[MATERIAL SHOWN]
⁂
lemma \<psi>_consecution:
  fixes S :: "'a struct"
  assumes "feval S e \<psi>" and "feval S (e(x := fint S w [])) \<phi>" and "feval S e \<tau>"
    and "fint S (prime_f w) [] = fint S w []" and "feval S (e(x := fint S w [])) (fprime \<phi>)"
  shows "feval S e (fprime \<psi>)"
  using \<psi>_inv assms
  by (auto simp: safe_inductive_invariant_def prob_w_def valid_in_def Let_def feval_fsubstv feval_fprime)

lemma \<psi>_safety:
  fixes S :: "'a struct"
  assumes "feval S e \<psi>" and "feval S e \<beta>"
  shows "\<not> feval S (e(x := fint S w [])) \<phi>"
  using \<psi>_inv assms
  by (auto simp: safe_inductive_invariant_def prob_w_def valid_in_def Let_def feval_fsubstv)

lemma fwf_vboth_problem [simp]:
  "fwf (vboth V) \<iota>" "fwf (vboth V) \<tau>" "fwf (vboth V) \<beta>" "fwf (vboth V) \<phi>" "fwf (vboth V) (fprime \<phi>)"
  using problem \<phi>_wf
  by (auto simp: safety_problem_def closed_over_def intro: fwf_vboth fwf_fprime)

lemma feval_update_fresh [simp]:
  assumes "fwf (vboth V) p"
  shows "feval (update_const S w a) e p = feval S e p"
    and "feval (update_const S (prime_f w) a) e p = feval S e p"
    and "feval (update_rel S m R) e p = feval S e p"
    and "feval (update_rel S (prime_r m) R) e p = feval S e p"
  using assms fresh_const_vboth[OF vocab w_fresh] fresh_rel_vboth[OF vocab m_fresh]
  by (simp_all add: feval_update_const_fresh feval_update_rel_fresh)

lemma prime_neq [simp]: "prime_f w \<noteq> w" "w \<noteq> prime_f w" "prime_r m \<noteq> m" "m \<noteq> prime_r m"
  using w_fresh m_fresh prime_f_neq_unprimed prime_r_neq_unprimed by metis+

lemma feval_update_fresh_invariants [simp]:
  "feval (update_rel S (prime_r m) R) e \<xi> = feval S e \<xi>"
  "feval (update_const S (prime_f w) a) e \<psi> = feval S e \<psi>"
proof -
  have "prime_r m \<notin> snd V" and "prime_f w \<notin> fst V"
    using vocab by (auto simp: is_vocab_def)
  then show "feval (update_rel S (prime_r m) R) e \<xi> = feval S e \<xi>"
    and "feval (update_const S (prime_f w) a) e \<psi> = feval S e \<psi>"
    using \<xi>_closed \<psi>_closed
    by (auto simp: closed_over_def intro!: feval_update_rel_fresh feval_update_const_fresh)
qed

lemma initiation:
  fixes S :: "'a struct"
  assumes \<iota>: "feval S e \<iota>"
  shows "feval S e (subst_pred \<xi> m w \<psi>)"
proof -
  let ?K = "update_rel S m (subst_pred_interp w \<psi> m S e)"
  have "feval ?K e \<xi>"
  proof (rule \<xi>_initiation)
    show "feval ?K e \<iota>" using \<iota> by simp
    fix a
    assume "feval ?K (e(x := a)) \<phi>"
    then have "feval (update_const S w a) e \<psi>"
      using \<iota> by (intro \<psi>_initiation) simp_all
    then show "rint ?K m [a]" by simp
  qed
  then show ?thesis by (simp add: feval_subst_pred[OF closed_\<psi>])
qed

lemma safety:
  fixes S :: "'a struct"
  assumes \<chi>: "feval S e (subst_pred \<xi> m w \<psi>)"
  shows "\<not> feval S e \<beta>"
proof
  assume \<beta>: "feval S e \<beta>"
  let ?K = "update_rel S m (subst_pred_interp w \<psi> m S e)"
  have "feval ?K e \<xi>" using \<chi> by (simp add: feval_subst_pred[OF closed_\<psi>])
  then obtain a where "feval ?K (e(x := a)) \<phi>" and "rint ?K m [a]"
    using \<xi>_safety \<beta> by force
  then have "feval (update_const S w a) (e(x := a)) \<phi>" and "feval (update_const S w a) e \<psi>"
    by simp_all
  with \<beta> show False using \<psi>_safety[of "update_const S w a" e] by simp
qed

lemma consecution:
  fixes S :: "'a struct"
  assumes \<chi>: "feval S e (subst_pred \<xi> m w \<psi>)" and \<tau>: "feval S e \<tau>"
  shows "feval S e (fprime (subst_pred \<xi> m w \<psi>))"
proof -
  let ?S' = "rename_struct prime_f prime_r S"
  let ?K = "update_rel S m (subst_pred_interp w \<psi> m S e)"
  let ?T = "update_rel ?K (prime_r m) (subst_pred_interp w \<psi> m ?S' e)"
  \<comment> \<open>A value kept in m by a step is one for which \<psi> holds with w = w' = a before the step,
     hence with w := a after it.\<close>
  have "feval ?T e (fprime \<xi>)"
  proof (rule \<xi>_consecution)
    show "feval ?T e \<xi>" using \<chi> by (simp add: feval_subst_pred[OF closed_\<psi>])
    show "feval ?T e \<tau>" using \<tau> by simp
    fix a
    assume m_a: "rint ?T m [a]" and \<phi>_a: "feval ?T (e(x := a)) \<phi>"
      and \<phi>'_a: "feval ?T (e(x := a)) (fprime \<phi>)"
    let ?U = "update_const (update_const S w a) (prime_f w) a"
    have "feval ?U e (fprime \<psi>)"
    proof (rule \<psi>_consecution)
      show "feval ?U e \<psi>" using m_a by simp
      show "feval ?U (e(x := fint ?U w [])) \<phi>" using \<phi>_a by simp
      show "feval ?U e \<tau>" using \<tau> by simp
      show "fint ?U (prime_f w) [] = fint ?U w []" by simp
      show "feval ?U (e(x := fint ?U w [])) (fprime \<phi>)" using \<phi>'_a by simp
    qed
    then show "rint ?T (prime_r m) [a]"
      using w_fresh
      by (simp add: feval_fprime_update_const_prime[OF is_vocab_insert_const[OF vocab] _ \<psi>_wf]
          rename_struct_prime_update_const)
  qed
  also have "feval ?T e (fprime \<xi>) = feval (update_rel ?S' m (subst_pred_interp w \<psi> m ?S' e)) e \<xi>"
    using m_fresh
    by (simp add: feval_fprime_update_rel_prime[OF is_vocab_insert_rel[OF vocab] _ \<xi>_wf]
        rename_struct_prime_update_rel)
  also have "\<dots> = feval S e (fprime (subst_pred \<xi> m w \<psi>))"
    by (simp add: feval_fprime feval_subst_pred[OF closed_\<psi>])
  finally show ?thesis .
qed

lemma safe_inductive_invariant_subst_pred:
  "safe_inductive_invariant TY V (\<iota>, \<tau>, \<beta>) (subst_pred \<xi> m w \<psi>)"
  using closed_over_subst_pred[OF \<xi>_closed \<psi>_closed m_arity w_arity] initiation safety consecution
  by (simp add: safe_inductive_invariant_def valid_in_def)

end
(* Let $d \geq 2$. Then: (1) for all integers $s_1, \ldots, s_k \geq 1$, $$\frac{s_1}{s_1+\ldots+s_k}\mathsf U_{d,s_1}+\ldots+\frac{s_k}{s_1+\ldots+s_k}\mathsf U_{d,s_k}\subseteq \mathsf U_{d,s_1+\ldots+s_k};$$ (2) for all integers $s, n \geq 1$, $\mathsf U_{d,s} \subseteq \mathsf U_{d,ns}$; (3) for all integers $s,t \geq 1$, $\mathsf U_{d,s}\cap \mathsf U_{d,t} \subseteq \mathsf U_{d,s+t}$.
   Context: For integers $d\ge 2$, $s\ge 1$, a matrix $U\in\mathcal U(ds)$ (unitary $ds\times ds$ complex matrices) is viewed as a $d\times d$ block matrix with blocks $U_{ij}\in M_s(\mathbb C)$. Define $\phi_{d,s}(U)=\big(\tfrac1s\|U_{ij}\|_F^2\big)_{i,j=1}^d$, where $\|X\|_F=\operatorname{Tr}(XX^* )^{1/2}$, and $\mathsf U_{d,s}:=\phi_{d,s}(\mathcal U(ds))$. Sums of sets are Minkowski sums. *)

theory Defs
  imports Complex_Main "Jordan_Normal_Form.Matrix"
begin

definition adj_mat :: "complex mat \<Rightarrow> complex mat" where
  "adj_mat U = mat (dim_col U) (dim_row U) (\<lambda>(i,j). cnj (U $$ (j,i)))"

definition unitary_group :: "nat \<Rightarrow> complex mat set" where
  "unitary_group n = {U. U \<in> carrier_mat n n \<and> U * adj_mat U = 1\<^sub>m n \<and> adj_mat U * U = 1\<^sub>m n}"

text \<open>The (i,j) block (of size s x s) of a ds x ds matrix, and the squared Frobenius norm Tr(XX^*) written out as the sum of squared moduli of entries.\<close>
definition block_mat :: "nat \<Rightarrow> complex mat \<Rightarrow> nat \<Rightarrow> nat \<Rightarrow> complex mat" where
  "block_mat s U i j = mat s s (\<lambda>(a,b). U $$ (i*s + a, j*s + b))"

definition frob_norm_sq :: "complex mat \<Rightarrow> real" where
  "frob_norm_sq X = (\<Sum>a<dim_row X. \<Sum>b<dim_col X. (cmod (X $$ (a,b)))\<^sup>2)"

definition phi :: "nat \<Rightarrow> nat \<Rightarrow> complex mat \<Rightarrow> real mat" where
  "phi d s U = mat d d (\<lambda>(i,j). frob_norm_sq (block_mat s U i j) / real s)"

definition Uset :: "nat \<Rightarrow> nat \<Rightarrow> real mat set" where
  "Uset d s = phi d s ` unitary_group (d*s)"

definition wsum_sets :: "nat \<Rightarrow> nat \<Rightarrow> (nat \<Rightarrow> real) \<Rightarrow> (nat \<Rightarrow> real mat set) \<Rightarrow> real mat set" where
  "wsum_sets d k c A = {mat d d (\<lambda>ij. \<Sum>l<k. c l * X l $$ ij) | X. \<forall>l<k. X l \<in> A l}"

end

theory Submission
  imports Defs
begin

text \<open>
  Given \<open>U \<in> U(ds)\<close> and \<open>V \<in> U(dt)\<close>, conjugating the direct sum \<open>U \<oplus> V\<close> by a
  permutation of the indices gives \<open>W \<in> U(d(s+t))\<close> whose \<open>(i,j)\<close> block of size \<open>s + t\<close>
  is \<open>U\<^sub>i\<^sub>j \<oplus> V\<^sub>i\<^sub>j\<close>. Hence \<open>\<parallel>W\<^sub>i\<^sub>j\<parallel>\<^sup>2 = \<parallel>U\<^sub>i\<^sub>j\<parallel>\<^sup>2 + \<parallel>V\<^sub>i\<^sub>j\<parallel>\<^sup>2\<close>, that is
  \<open>(s + t) \<phi>(W) = s \<phi>(U) + t \<phi>(V)\<close>. Induction on the number of summands gives (1), and
  (2), (3) are the instances of (1) in which all summands are the same point.
\<close>

lemma sum_lessThan_add_nat:
  "(\<Sum>c<p + q. f c) = (\<Sum>c<p. f c) + (\<Sum>c<q. f (p + c))"
  for f :: "nat \<Rightarrow> 'a::comm_monoid_add"
  by (induction q) (simp_all add: add.assoc)

lemma mult_add_less_mult:
  fixes i a d m :: nat
  assumes "i < d" "a < m"
  shows "i * m + a < d * m"
proof -
  have "i * m + a < Suc i * m" using assms(2) by simp
  also have "\<dots> \<le> d * m" using assms(1) by (intro mult_right_mono) auto
  finally show ?thesis .
qed

lemma mult_add_eq_mult_add_iff:
  fixes i i' a a' m :: nat
  assumes "a < m" "a' < m"
  shows "i * m + a = i' * m + a' \<longleftrightarrow> i = i' \<and> a = a'"
  using assms
  by (metis add.commute div_mult_self1 div_less mod_mult_self1 mod_less plus_nat.add_0 gr_implies_not0)

lemma less_add_cases:
  fixes a s t :: nat
  assumes "a < s + t"
  obtains (left) "a < s" | (right) b where "a = s + b" "b < t"
  using assms by (metis add_less_cancel_left le_Suc_ex not_less)

lemma less_mult_add_cases:
  fixes r d s t :: nat
  assumes "r < d * (s + t)"
  obtains (left) i a where "r = i * (s + t) + a" "i < d" "a < s"
    | (right) i b where "r = i * (s + t) + (s + b)" "i < d" "b < t"
proof -
  have "s + t > 0" using assms by (cases "s + t") auto
  then have r: "r = r div (s + t) * (s + t) + r mod (s + t)" "r div (s + t) < d"
      "r mod (s + t) < s + t"
    using assms by (simp_all only: div_mult_mod_eq less_mult_imp_div_less mod_less_divisor)
  from r(3) show ?thesis
  proof (cases rule: less_add_cases)
    case left
    with r(1,2) show ?thesis by (rule that(1))
  next
    case (right b)
    with r(1,2) show ?thesis by (intro that(2)) simp_all
  qed
qed

lemma adj_mat_dim [simp]:
  "dim_row (adj_mat A) = dim_col A" "dim_col (adj_mat A) = dim_row A"
  by (simp_all add: adj_mat_def)

lemma adj_mat_carrier_mat: "A \<in> carrier_mat m n \<Longrightarrow> adj_mat A \<in> carrier_mat n m"
  by (metis adj_mat_dim carrier_matD carrier_matI)

lemma index_adj_mat [simp]:
  "i < dim_col A \<Longrightarrow> j < dim_row A \<Longrightarrow> adj_mat A $$ (i, j) = cnj (A $$ (j, i))"
  by (simp add: adj_mat_def)

lemma adj_mat_zero_mat [simp]: "adj_mat (0\<^sub>m m n) = 0\<^sub>m n m"
  by (rule eq_matI) auto

lemma adj_mat_four_block_mat:
  assumes "A \<in> carrier_mat m n" "B \<in> carrier_mat m n'" "C \<in> carrier_mat m' n" "D \<in> carrier_mat m' n'"
  shows "adj_mat (four_block_mat A B C D)
    = four_block_mat (adj_mat A) (adj_mat C) (adj_mat B) (adj_mat D)"
  by (rule eq_matI) (use assms in auto)

lemma unitary_group_carrier_mat: "U \<in> unitary_group n \<Longrightarrow> U \<in> carrier_mat n n"
  by (simp add: unitary_group_def)

lemma mult_four_block_diag_mat:
  assumes "A \<in> carrier_mat p p" "B \<in> carrier_mat q q" "A' \<in> carrier_mat p p" "B' \<in> carrier_mat q q"
  shows "four_block_mat A (0\<^sub>m p q) (0\<^sub>m q p) B * four_block_mat A' (0\<^sub>m p q) (0\<^sub>m q p) B'
    = four_block_mat (A * A') (0\<^sub>m p q) (0\<^sub>m q p) (B * B')"
  using assms by (simp add: mult_four_block_mat[OF assms(1) zero_carrier_mat zero_carrier_mat assms(2)
      assms(3) zero_carrier_mat zero_carrier_mat assms(4)])

lemma four_block_mat_unitary:
  assumes U: "U \<in> unitary_group p" and V: "V \<in> unitary_group q"
  shows "four_block_mat U (0\<^sub>m p q) (0\<^sub>m q p) V \<in> unitary_group (p + q)"
proof -
  have UV: "U \<in> carrier_mat p p" "V \<in> carrier_mat q q"
    using U V by (simp_all add: unitary_group_carrier_mat)
  have adjUV: "adj_mat U \<in> carrier_mat p p" "adj_mat V \<in> carrier_mat q q"
    using UV by (simp_all add: adj_mat_carrier_mat)
  have adj: "adj_mat (four_block_mat U (0\<^sub>m p q) (0\<^sub>m q p) V)
      = four_block_mat (adj_mat U) (0\<^sub>m p q) (0\<^sub>m q p) (adj_mat V)"
    using adj_mat_four_block_mat[of U p p "0\<^sub>m p q" q "0\<^sub>m q p" q V] UV by simp
  have inv: "U * adj_mat U = 1\<^sub>m p" "adj_mat U * U = 1\<^sub>m p"
    "V * adj_mat V = 1\<^sub>m q" "adj_mat V * V = 1\<^sub>m q"
    using U V by (simp_all add: unitary_group_def)
  show ?thesis
    unfolding unitary_group_def mem_Collect_eq adj
      mult_four_block_diag_mat[OF UV adjUV] mult_four_block_diag_mat[OF adjUV UV] inv
    by (intro conjI four_block_carrier_mat[OF UV] four_block_one_mat)
qed

definition permute_mat :: "nat \<Rightarrow> (nat \<Rightarrow> nat) \<Rightarrow> 'a mat \<Rightarrow> 'a mat" where
  "permute_mat n \<sigma> A = mat n n (\<lambda>(r, c). A $$ (\<sigma> r, \<sigma> c))"

lemma permute_mat_carrier_mat [simp]: "permute_mat n \<sigma> A \<in> carrier_mat n n"
  by (simp add: permute_mat_def)

lemma permute_mat_mult:
  fixes A B :: "'a::comm_semiring_0 mat"
  assumes \<sigma>: "bij_betw \<sigma> {..<n} {..<n}" and "A \<in> carrier_mat n n" "B \<in> carrier_mat n n"
  shows "permute_mat n \<sigma> A * permute_mat n \<sigma> B = permute_mat n \<sigma> (A * B)"
proof (rule eq_matI)
  fix r c assume "r < dim_row (permute_mat n \<sigma> (A * B))" "c < dim_col (permute_mat n \<sigma> (A * B))"
  then have rc: "r < n" "c < n" by (simp_all add: permute_mat_def)
  have "\<sigma> r < n" "\<sigma> c < n" using \<sigma> rc by (auto simp: bij_betw_def)
  then have "(A * B) $$ (\<sigma> r, \<sigma> c) = (\<Sum>k<n. A $$ (\<sigma> r, k) * B $$ (k, \<sigma> c))"
    using assms by (simp add: scalar_prod_def lessThan_atLeast0)
  also have "\<dots> = (\<Sum>k<n. A $$ (\<sigma> r, \<sigma> k) * B $$ (\<sigma> k, \<sigma> c))"
    using sum.reindex_bij_betw[OF \<sigma>, of "\<lambda>k. A $$ (\<sigma> r, k) * B $$ (k, \<sigma> c)"] by simp
  finally show "(permute_mat n \<sigma> A * permute_mat n \<sigma> B) $$ (r, c) = permute_mat n \<sigma> (A * B) $$ (r, c)"
    using rc by (simp add: permute_mat_def scalar_prod_def lessThan_atLeast0)
qed (simp_all add: permute_mat_def)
⁂
Could you report all lines of the listing that hold "adjUV"?

[YOUR SOLUTION]
  have adjUV: "adj_mat U \<in> carrier_mat p p" "adj_mat V \<in> carrier_mat q q"
      mult_four_block_diag_mat[OF UV adjUV] mult_four_block_diag_mat[OF adjUV UV] inv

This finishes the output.